» Exercise brief
Return each record shown below exactly, with none omitted.

Dataset entries:
(* Let $W:[0,1]^2\to[0,1]$ be measurable ($[0,1]$ with Lebesgue measure $\lambda$). Then the following are equivalent: (i) for every finite $n$, $P(n,W)$ is almost surely a poset; (ii) $P(\infty,W)$ is almost surely a poset; (iii) there exist a strict partial order $\prec$ on $[0,1]$ making $([0,1],\mathcal B,\lambda,\prec)$ an ordered probability space and a kernel $W'$ on it such that $W=W'$ a.e.; (iv) $t(\mathsf D_1,W)=t(\mathsf D_2,W)$ and $t(\mathsf D_3,W)=0$.
   Context: For $n\in\mathbb N\cup\{\infty\}$, $[n]=\{1,\dots,n\}$ ($[\infty]=\mathbb N$). For measurable $W:[0,1]^2\to[0,1]$, $P(n,W)$ is the random digraph on $[n]$ obtained by taking i.i.d. uniform $X_i\in[0,1]$ and independent i.i.d. $\xi_{ij}\sim U(0,1)$, $i,j\in\mathbb N$, and putting an edge $i\to j$ iff $\xi_{ij}<W(X_i,X_j)$; it is a poset if this relation is a strict partial order. For a finite digraph $F$ on $\{1,\dots,k\}$, $t(F,W)=\int_{[0,1]^k}\prod_{(i,j)\in E(F)}W(x_i,x_j)\,dx_1\cdots dx_k$. $\mathsf D_1,\mathsf D_2,\mathsf D_3$ are the digraphs on $\{1,2,3\}$ with edge sets $\{12,23\}$, $\{12,23,13\}$, $\{12,23,31\}$ respectively. An ordered probability space $(\mathcal S,\mathcal F,\mu,\prec)$ is a probability space with a strict partial order $\prec$ such that $\{(x,y):x\prec y\}\in\mathcal F\times\mathcal F$ ($\mathcal B$ = Borel $\sigma$-field); a kernel on it is a measurable $W':\mathcal S^2\to[0,1]$ such that for all $x,y,z$: $W'(x,y)>0\Rightarrow x\prec y$, and ($W'(x,y)>0$, $W'(y,z)>0$) $\Rightarrow W'(x,z)=1$. *)

theory Defs
  imports "HOL-Probability.Probability"
begin

definition unitI :: "real measure" where
  "unitI = restrict_space lborel {0..1}"

text \<open>Sample space of the construction of P(n,W): independent uniform variables
  X_i (indexed by Inl i) and xi_ij (indexed by Inr (i,j)).\<close>
definition sample_space :: "(nat + nat \<times> nat \<Rightarrow> real) measure" where
  "sample_space = PiM UNIV (\<lambda>_. unitI)"

definition rand_edge :: "(real \<Rightarrow> real \<Rightarrow> real) \<Rightarrow> (nat + nat \<times> nat \<Rightarrow> real) \<Rightarrow> nat \<Rightarrow> nat \<Rightarrow> bool" where
  "rand_edge W \<omega> i j \<longleftrightarrow> i \<noteq> j \<and> \<omega> (Inr (i, j)) < W (\<omega> (Inl i)) (\<omega> (Inl j))"

definition strict_po_on :: "'a set \<Rightarrow> ('a \<Rightarrow> 'a \<Rightarrow> bool) \<Rightarrow> bool" where
  "strict_po_on S R \<longleftrightarrow> (\<forall>x\<in>S. \<not> R x x) \<and>
     (\<forall>x\<in>S. \<forall>y\<in>S. \<forall>z\<in>S. R x y \<and> R y z \<longrightarrow> R x z)"

definition rand_is_poset :: "(real \<Rightarrow> real \<Rightarrow> real) \<Rightarrow> nat set \<Rightarrow> (nat + nat \<times> nat \<Rightarrow> real) \<Rightarrow> bool" where
  "rand_is_poset W V \<omega> \<longleftrightarrow> strict_po_on V (rand_edge W \<omega>)"
(* Conversely, if every q_k lies within rho of some x_j, and the polynomial with roots qs is small
   at x_i, then some q_k lies within rho of x_i: otherwise all q_k are at distance >= sigma/2. *)
lemma partner_of_separated_point:
  fixes xs qs :: "complex list"
  assumes sep: "separated \<sigma> xs" and len: "length xs = n" "length qs = n" and n: "n > 0"
    and \<rho>: "0 < \<rho>" "2 * \<rho> \<le> \<sigma>" and i: "i < n"
    and near_some: "\<forall>k<n. \<exists>j<n. cmod (xs!j - qs!k) < \<rho>"
    and small: "cmod (\<Prod>k<n. xs!i - qs!k) < \<rho> * (\<sigma>/2)^(n-1)"
  shows "\<exists>k<n. cmod (xs!i - qs!k) < \<rho>"
proof (rule ccontr)
  assume none: "\<not> ?thesis"
  have far: "\<sigma>/2 \<le> cmod (xs!i - qs!k)" if k: "k < n" for k
  proof -
    obtain j where j: "j < n" "cmod (xs!j - qs!k) < \<rho>" using near_some k by blast
    have "j \<noteq> i" using j none k by blast
    hence "\<sigma> \<le> cmod (xs!i - xs!j)" using sep len i j by (auto simp: separated_def)
    also have "\<dots> \<le> cmod (xs!i - qs!k) + cmod (xs!j - qs!k)"
      using norm_triangle_ineq4[of "xs!i - qs!k" "xs!j - qs!k"] by simp
    finally show ?thesis using j \<rho> by linarith
  qed
  have "\<rho> * (\<sigma>/2)^(n-1) \<le> (\<sigma>/2) * (\<sigma>/2)^(n-1)"
    using \<rho> by (intro mult_right_mono) auto
  also have "\<dots> = (\<Prod>k<n. \<sigma>/2)" using n by (simp add: power_eq_if)
  also have "\<dots> \<le> (\<Prod>k<n. cmod (xs!i - qs!k))"
    using far \<rho> by (intro prod_mono) auto
  also have "\<dots> = cmod (\<Prod>k<n. xs!i - qs!k)" by (simp add: prod_norm)
  finally show False using small by linarith
qed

» Answer to the problem
(* Let $W:[0,1]^2\to[0,1]$ be measurable ($[0,1]$ with Lebesgue measure $\lambda$). Then the following are equivalent: (i) for every finite $n$, $P(n,W)$ is almost surely a poset; (ii) $P(\infty,W)$ is almost surely a poset; (iii) there exist a strict partial order $\prec$ on $[0,1]$ making $([0,1],\mathcal B,\lambda,\prec)$ an ordered probability space and a kernel $W'$ on it such that $W=W'$ a.e.; (iv) $t(\mathsf D_1,W)=t(\mathsf D_2,W)$ and $t(\mathsf D_3,W)=0$.
   Context: For $n\in\mathbb N\cup\{\infty\}$, $[n]=\{1,\dots,n\}$ ($[\infty]=\mathbb N$). For measurable $W:[0,1]^2\to[0,1]$, $P(n,W)$ is the random digraph on $[n]$ obtained by taking i.i.d. uniform $X_i\in[0,1]$ and independent i.i.d. $\xi_{ij}\sim U(0,1)$, $i,j\in\mathbb N$, and putting an edge $i\to j$ iff $\xi_{ij}<W(X_i,X_j)$; it is a poset if this relation is a strict partial order. For a finite digraph $F$ on $\{1,\dots,k\}$, $t(F,W)=\int_{[0,1]^k}\prod_{(i,j)\in E(F)}W(x_i,x_j)\,dx_1\cdots dx_k$. $\mathsf D_1,\mathsf D_2,\mathsf D_3$ are the digraphs on $\{1,2,3\}$ with edge sets $\{12,23\}$, $\{12,23,13\}$, $\{12,23,31\}$ respectively. An ordered probability space $(\mathcal S,\mathcal F,\mu,\prec)$ is a probability space with a strict partial order $\prec$ such that $\{(x,y):x\prec y\}\in\mathcal F\times\mathcal F$ ($\mathcal B$ = Borel $\sigma$-field); a kernel on it is a measurable $W':\mathcal S^2\to[0,1]$ such that for all $x,y,z$: $W'(x,y)>0\Rightarrow x\prec y$, and ($W'(x,y)>0$, $W'(y,z)>0$) $\Rightarrow W'(x,z)=1$. *)

theory Defs
  imports "HOL-Probability.Probability"
begin

definition unitI :: "real measure" where
  "unitI = restrict_space lborel {0..1}"

text \<open>Sample space of the construction of P(n,W): independent uniform variables
  X_i (indexed by Inl i) and xi_ij (indexed by Inr (i,j)).\<close>
definition sample_space :: "(nat + nat \<times> nat \<Rightarrow> real) measure" where
  "sample_space = PiM UNIV (\<lambda>_. unitI)"

definition rand_edge :: "(real \<Rightarrow> real \<Rightarrow> real) \<Rightarrow> (nat + nat \<times> nat \<Rightarrow> real) \<Rightarrow> nat \<Rightarrow> nat \<Rightarrow> bool" where
  "rand_edge W \<omega> i j \<longleftrightarrow> i \<noteq> j \<and> \<omega> (Inr (i, j)) < W (\<omega> (Inl i)) (\<omega> (Inl j))"

definition strict_po_on :: "'a set \<Rightarrow> ('a \<Rightarrow> 'a \<Rightarrow> bool) \<Rightarrow> bool" where
  "strict_po_on S R \<longleftrightarrow> (\<forall>x\<in>S. \<not> R x x) \<and>
     (\<forall>x\<in>S. \<forall>y\<in>S. \<forall>z\<in>S. R x y \<and> R y z \<longrightarrow> R x z)"

definition rand_is_poset :: "(real \<Rightarrow> real \<Rightarrow> real) \<Rightarrow> nat set \<Rightarrow> (nat + nat \<times> nat \<Rightarrow> real) \<Rightarrow> bool" where
  "rand_is_poset W V \<omega> \<longleftrightarrow> strict_po_on V (rand_edge W \<omega>)"
(* Conversely, if every q_k lies within rho of some x_j, and the polynomial with roots qs is small
   at x_i, then some q_k lies within rho of x_i: otherwise all q_k are at distance >= sigma/2. *)
lemma partner_of_separated_point:
  fixes xs qs :: "complex list"
  assumes sep: "separated \<sigma> xs" and len: "length xs = n" "length qs = n" and n: "n > 0"
    and \<rho>: "0 < \<rho>" "2 * \<rho> \<le> \<sigma>" and i: "i < n"
    and near_some: "\<forall>k<n. \<exists>j<n. cmod (xs!j - qs!k) < \<rho>"
    and small: "cmod (\<Prod>k<n. xs!i - qs!k) < \<rho> * (\<sigma>/2)^(n-1)"
  shows "\<exists>k<n. cmod (xs!i - qs!k) < \<rho>"
proof (rule ccontr)
  assume none: "\<not> ?thesis"
  have far: "\<sigma>/2 \<le> cmod (xs!i - qs!k)" if k: "k < n" for k
  proof -
    obtain j where j: "j < n" "cmod (xs!j - qs!k) < \<rho>" using near_some k by blast
    have "j \<noteq> i" using j none k by blast
    hence "\<sigma> \<le> cmod (xs!i - xs!j)" using sep len i j by (auto simp: separated_def)
    also have "\<dots> \<le> cmod (xs!i - qs!k) + cmod (xs!j - qs!k)"
      using norm_triangle_ineq4[of "xs!i - qs!k" "xs!j - qs!k"] by simp
    finally show ?thesis using j \<rho> by linarith
  qed
  have "\<rho> * (\<sigma>/2)^(n-1) \<le> (\<sigma>/2) * (\<sigma>/2)^(n-1)"
    using \<rho> by (intro mult_right_mono) auto
  also have "\<dots> = (\<Prod>k<n. \<sigma>/2)" using n by (simp add: power_eq_if)
  also have "\<dots> \<le> (\<Prod>k<n. cmod (xs!i - qs!k))"
    using far \<rho> by (intro prod_mono) auto
  also have "\<dots> = cmod (\<Prod>k<n. xs!i - qs!k)" by (simp add: prod_norm)
  finally show False using small by linarith
qed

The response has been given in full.